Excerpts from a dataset

lemma part_poly_mult_0:
  assumes "u > 0"
  shows "part_poly (f * g) u 0 = (\<Sum>j<u. part_poly f u j * part_poly g u ((u - j) mod u))"
proof (rule poly_eqI)
  fix i
  have "coeff (\<Sum>j<u. part_poly f u j * part_poly g u ((u - j) mod u)) i
      = (\<Sum>a\<le>i. \<Sum>j<u. (if a mod u = j then coeff f a else 0) *
            (if (i - a) mod u = (u - j) mod u then coeff g (i - a) else 0))"
    by (simp add: coeff_sum coeff_mult coeff_part_poly sum.swap[of _ "{..<u}"])
  also have "\<dots> = (\<Sum>a\<le>i. if u dvd i then coeff f a * coeff g (i - a) else 0)"
  proof (intro sum.cong refl)
    fix a assume "a \<in> {..i}"
    then have "(i - a) mod u = (u - a mod u) mod u \<longleftrightarrow> u dvd i"
      using assms mod_eq_complement_iff[of "a mod u" u "i - a"] dvd_mod_add_diff_iff
      by simp
    then show "(\<Sum>j<u. (if a mod u = j then coeff f a else 0) *
            (if (i - a) mod u = (u - j) mod u then coeff g (i - a) else 0))
        = (if u dvd i then coeff f a * coeff g (i - a) else 0)"
      using assms by (simp add: if_distrib[of "\<lambda>x. x * _"] sum.delta' cong: if_cong)
  qed
  also have "\<dots> = coeff (part_poly (f * g) u 0) i"
    by (simp add: coeff_part_poly coeff_mult dvd_eq_mod_eq_0)
  finally show "coeff (part_poly (f * g) u 0) i =
      coeff (\<Sum>j<u. part_poly f u j * part_poly g u ((u - j) mod u)) i" by simp
qed

lemma part_poly_geometric_poly:
  assumes "k > 0" and multiples: "\<And>i. i < k \<Longrightarrow> u dvd m * i \<Longrightarrow> i = 0"
  shows "part_poly (geometric_poly m k) u 0 = [:1:]"
proof (rule poly_eqI)
  fix j
  have "coeff (part_poly (geometric_poly m k) u 0) j = (\<Sum>i<k. if j mod u = 0 \<and> m * i = j then 1 else 0)"
    by (simp add: coeff_part_poly geometric_poly_def coeff_sum coeff_monom)
  also have "\<dots> = (\<Sum>i<k. if i = 0 \<and> j = 0 then 1 else 0)"
  proof (intro sum.cong refl)
    fix i assume "i \<in> {..<k}"
    with multiples[of i] have "j mod u = 0 \<and> m * i = j \<longleftrightarrow> i = 0 \<and> j = 0"
      by (auto simp flip: dvd_eq_mod_eq_0)
    then show "(if j mod u = 0 \<and> m * i = j then 1 else 0) = (if i = 0 \<and> j = 0 then 1 else (0 :: int))"
      by simp
  qed
  also have "\<dots> = coeff [:1:] j"
    using assms(1) by (simp add: coeff_pCons')
  finally show "coeff (part_poly (geometric_poly m k) u 0) j = coeff [:1:] j" .
qed

lemma part_poly_monom_minus_1:
  assumes "\<not> u dvd n"
  shows "part_poly (monom 1 n - 1) u 0 = [:-1:]"
proof (rule poly_eqI)
  fix i
  have "n \<noteq> 0" using assms by (metis dvd_0_right)
  moreover have "n mod u \<noteq> 0" using assms by (simp add: mod_greater_zero_iff_not_dvd)
  ultimately show "coeff (part_poly (monom 1 n - 1) u 0) i = coeff [:-1:] i"
    by (auto simp: coeff_part_poly coeff_monom coeff_pCons')
qed

lemma poly_part_poly_filter:
  fixes r :: "int poly" and \<alpha> :: complex
  assumes "u > 0" "j < u"
  shows "of_nat u * poly (map_poly of_int (part_poly r u j)) \<alpha>
       = (\<Sum>k<u. root_unity u ((u - j) * k) * poly (map_poly of_int r) (root_unity u k * \<alpha>))"
proof -
  define N where "N = degree r"
  define c where "c i = (of_int (coeff r i) :: complex) * \<alpha> ^ i" for i
  have "(\<Sum>k<u. root_unity u ((u - j) * k) * poly (map_poly of_int r) (root_unity u k * \<alpha>))
      = (\<Sum>k<u. \<Sum>i\<le>N. c i * root_unity u ((i + (u - j)) * k))"
    by (simp add: poly_eq_sum_upto[where N = N] N_def c_def sum_distrib_left power_mult_distrib
        root_unity_power root_unity_mult algebra_simps)
  also have "\<dots> = (\<Sum>i\<le>N. c i * (\<Sum>k<u. root_unity u ((i + (u - j)) * k)))"
    by (simp add: sum.swap[of _ "{..<u}"] sum_distrib_left)
  also have "\<dots> = (\<Sum>i\<le>N. if i mod u = j then of_nat u * c i else 0)"
    by (intro sum.cong refl)
       (simp only: sum_root_unity_powers[OF assms(1)] dvd_add_diff_iff_mod_eq[OF assms(2)], simp)
  also have "\<dots> = of_nat u * poly (map_poly of_int (part_poly r u j)) \<alpha>"
    by (auto simp: poly_eq_sum_upto[where N = N] N_def c_def degree_part_poly_le
        coeff_part_poly sum_distrib_left intro!: sum.cong)
  finally show ?thesis ..
qed

section \<open>Cong\<close>

definition part_ideal :: "int poly \<Rightarrow> nat \<Rightarrow> int poly set" where
  "part_ideal r u = {\<Sum>j<u. part_poly r u j * q j | q. True}"

lemma mult_mem_part_ideal: "p \<in> part_ideal r u \<Longrightarrow> p * s \<in> part_ideal r u"
proof -
  assume "p \<in> part_ideal r u"
  then obtain q where "p = (\<Sum>j<u. part_poly r u j * q j)"
    by (auto simp: part_ideal_def)
  then have "p * s = (\<Sum>j<u. part_poly r u j * (q j * s))"
    by (simp add: sum_distrib_right mult.assoc)
  then show ?thesis
    unfolding part_ideal_def by (intro CollectI exI[of _ "\<lambda>j. q j * s"]) simp
qed

lemma part_poly_0_mem_part_ideal:
  assumes "u > 0" "r dvd F"
  shows "part_poly F u 0 \<in> part_ideal r u"
proof -
  obtain h where "F = r * h" using assms(2) ..
  then show ?thesis
    unfolding part_ideal_def using part_poly_mult_0[OF assms(1), of r h]
    by (intro CollectI exI[of _ "\<lambda>j. part_poly h u ((u - j) mod u)"]) simp
qed

lemma one_mem_part_ideal:
  assumes "u > 0" "r dvd F" "part_poly F u 0 = [:e:]" "\<bar>e\<bar> = 1"
  shows "1 \<in> part_ideal r u"
proof -
  have "part_poly F u 0 * [:e:] \<in> part_ideal r u"
    using assms(1,2) by (intro mult_mem_part_ideal part_poly_0_mem_part_ideal)
  moreover have "e * e = 1"
    using assms(4) by (metis abs_mult_self_eq mult_1)
  ultimately show ?thesis
    by (simp add: assms(3) one_pCons)
qed

lemma Cong_eqI:
  assumes "g \<ge> 0" "cong_ideal r = {k * g | k. True}"
  shows "Cong r = g"
  unfolding Cong_def
proof (rule the_equality)
  fix g' assume g': "g' \<ge> 0 \<and> cong_ideal r = {k * g' | k. True}"
  then have "g' \<in> {k * g | k. True}" "g \<in> {k * g' | k. True}"
    using assms(2) by (metis (mono_tags, lifting) mem_Collect_eq mult_1)+
  then obtain a b where "g' = a * g" "g = b * g'" by blast
  then have "g dvd g'" "g' dvd g" by (metis dvd_triv_right)+
  with g' assms(1) show "g' = g" by (simp add: zdvd_antisym_nonneg)
qed (use assms in simp)

lemma Cong_eq_1:
  assumes "\<And>u. 1 < u \<Longrightarrow> u \<le> degree r + 1 \<Longrightarrow> 1 \<in> part_ideal r u"
  shows "Cong r = 1"
proof (rule Cong_eqI)
  have "[:c:] \<in> part_ideal r u" if "1 < u" "u \<le> degree r + 1" for c u
    using mult_mem_part_ideal[OF assms[OF that], of "[:c:]"] by simp
  then show "cong_ideal r = {k * 1 | k. True}"
    by (auto simp: cong_ideal_def part_ideal_def)
qed simp

lemma Cong_eq_0:
  assumes "1 < u" "r \<noteq> 0" "\<alpha> \<noteq> 0"
    and roots: "\<And>k. k < u \<Longrightarrow> poly (map_poly of_int r) (root_unity u k * \<alpha>) = 0"
  shows "Cong r = 0"
proof (rule Cong_eqI)
  have "u \<le> degree r"
  proof -
    have "inj_on (\<lambda>k. root_unity u k * \<alpha>) {..<u}"
      using assms by (auto simp: inj_on_def root_unity_eq_iff)
    then have "u = card ((\<lambda>k. root_unity u k * \<alpha>) ` {..<u})"
      by (simp add: card_image)
    also have "\<dots> \<le> card {x. poly (map_poly of_int r :: complex poly) x = 0}"
      using assms(2) roots by (intro card_mono poly_roots_finite) auto
    also have "\<dots> \<le> degree r"
      using card_poly_roots_bound[of "map_poly of_int r :: complex poly"] assms(2) by simp
    finally show ?thesis .
  qed
  have parts: "poly (map_poly of_int (part_poly r u j)) \<alpha> = 0" if "j < u" for j
    using poly_part_poly_filter[of u j r \<alpha>] assms that by (simp add: roots)
  have "c = 0" if "c \<in> cong_ideal r" for c
  proof -
    from that \<open>1 < u\<close> \<open>u \<le> degree r\<close> obtain q where q: "[:c:] = (\<Sum>j<u. part_poly r u j * q j)"
      by (auto simp: cong_ideal_def)
    have "(of_int c :: complex) = poly (map_poly of_int [:c:]) \<alpha>"
      by (simp add: map_poly_pCons)
    also have "\<dots> = 0"
      by (simp add: q map_poly_of_int_sum poly_sum parts)
    finally show ?thesis by simp
  qed
  then show "cong_ideal r = {k * 0 | k. True}"
    by (auto simp: cong_ideal_def intro: exI[of _ "\<lambda>_. 0"])
qed simp

lemma Cong_cyclotomic_squarefree:
  assumes "n > 0" "squarefree n"
  shows "Cong (cyclotomic n) = 1"
proof (rule Cong_eq_1)
  fix u :: nat
  assume "1 < u"
  then obtain p where p: "prime p" "p dvd u"
    using prime_factor_nat[of u] by auto
  show "1 \<in> part_ideal (cyclotomic n) u"
  proof (cases "p dvd n")
    case False
    then have "\<not> u dvd n"
      using p(2) dvd_trans by blast
    with \<open>1 < u\<close> assms(1) show ?thesis
      by (intro one_mem_part_ideal[of _ _ "monom 1 n - 1" "-1"] cyclotomic_dvd_monom_minus_1
          part_poly_monom_minus_1) simp_all
  next
    case True
    then obtain m where n: "n = p * m" ..
    have "\<not> p dvd m"
    proof
      assume "p dvd m"
      then have "p ^ 2 dvd n"
        by (auto simp: n power2_eq_square)
      with assms(2) p(1) show False
        by (metis not_prime_unit squarefree_def)
    qed
    have "part_poly (geometric_poly m p) u 0 = [:1:]"
    proof (rule part_poly_geometric_poly)
      show "0 < p"
        using p(1) by (rule prime_gt_0_nat)
      fix i
      assume "i < p" "u dvd m * i"
      then have "p dvd m * i"
        using p(2) dvd_trans by blast
      with \<open>\<not> p dvd m\<close> p(1) have "p dvd i"
        by (simp add: prime_dvd_mult_iff)
      with \<open>i < p\<close> show "i = 0"
        by (auto dest: dvd_imp_le)
    qed
    moreover have "cyclotomic n dvd geometric_poly m p"
      using n assms(1) prime_gt_1_nat[OF p(1)] by (simp add: cyclotomic_dvd_geometric_poly)
    ultimately show ?thesis
      using \<open>1 < u\<close> by (intro one_mem_part_ideal[of _ _ _ 1]) simp_all
  qed
qed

-- WHAT YOU NEED TO DO --
Only lines with the word "where" count here; copy every one from the records.

-- EXPECTED ANSWER --
  define N where "N = degree r"
  define c where "c i = (of_int (coeff r i) :: complex) * \<alpha> ^ i" for i
    by (simp add: poly_eq_sum_upto[where N = N] N_def c_def sum_distrib_left power_mult_distrib
    by (auto simp: poly_eq_sum_upto[where N = N] N_def c_def degree_part_poly_le
definition part_ideal :: "int poly \<Rightarrow> nat \<Rightarrow> int poly set" where
  then obtain q where "p = (\<Sum>j<u. part_poly r u j * q j)"
  obtain h where "F = r * h" using assms(2) ..
  then obtain a b where "g' = a * g" "g = b * g'" by blast
    from that \<open>1 < u\<close> \<open>u \<le> degree r\<close> obtain q where q: "[:c:] = (\<Sum>j<u. part_poly r u j * q j)"
  then obtain p where p: "prime p" "p dvd u"
    then obtain m where n: "n = p * m" ..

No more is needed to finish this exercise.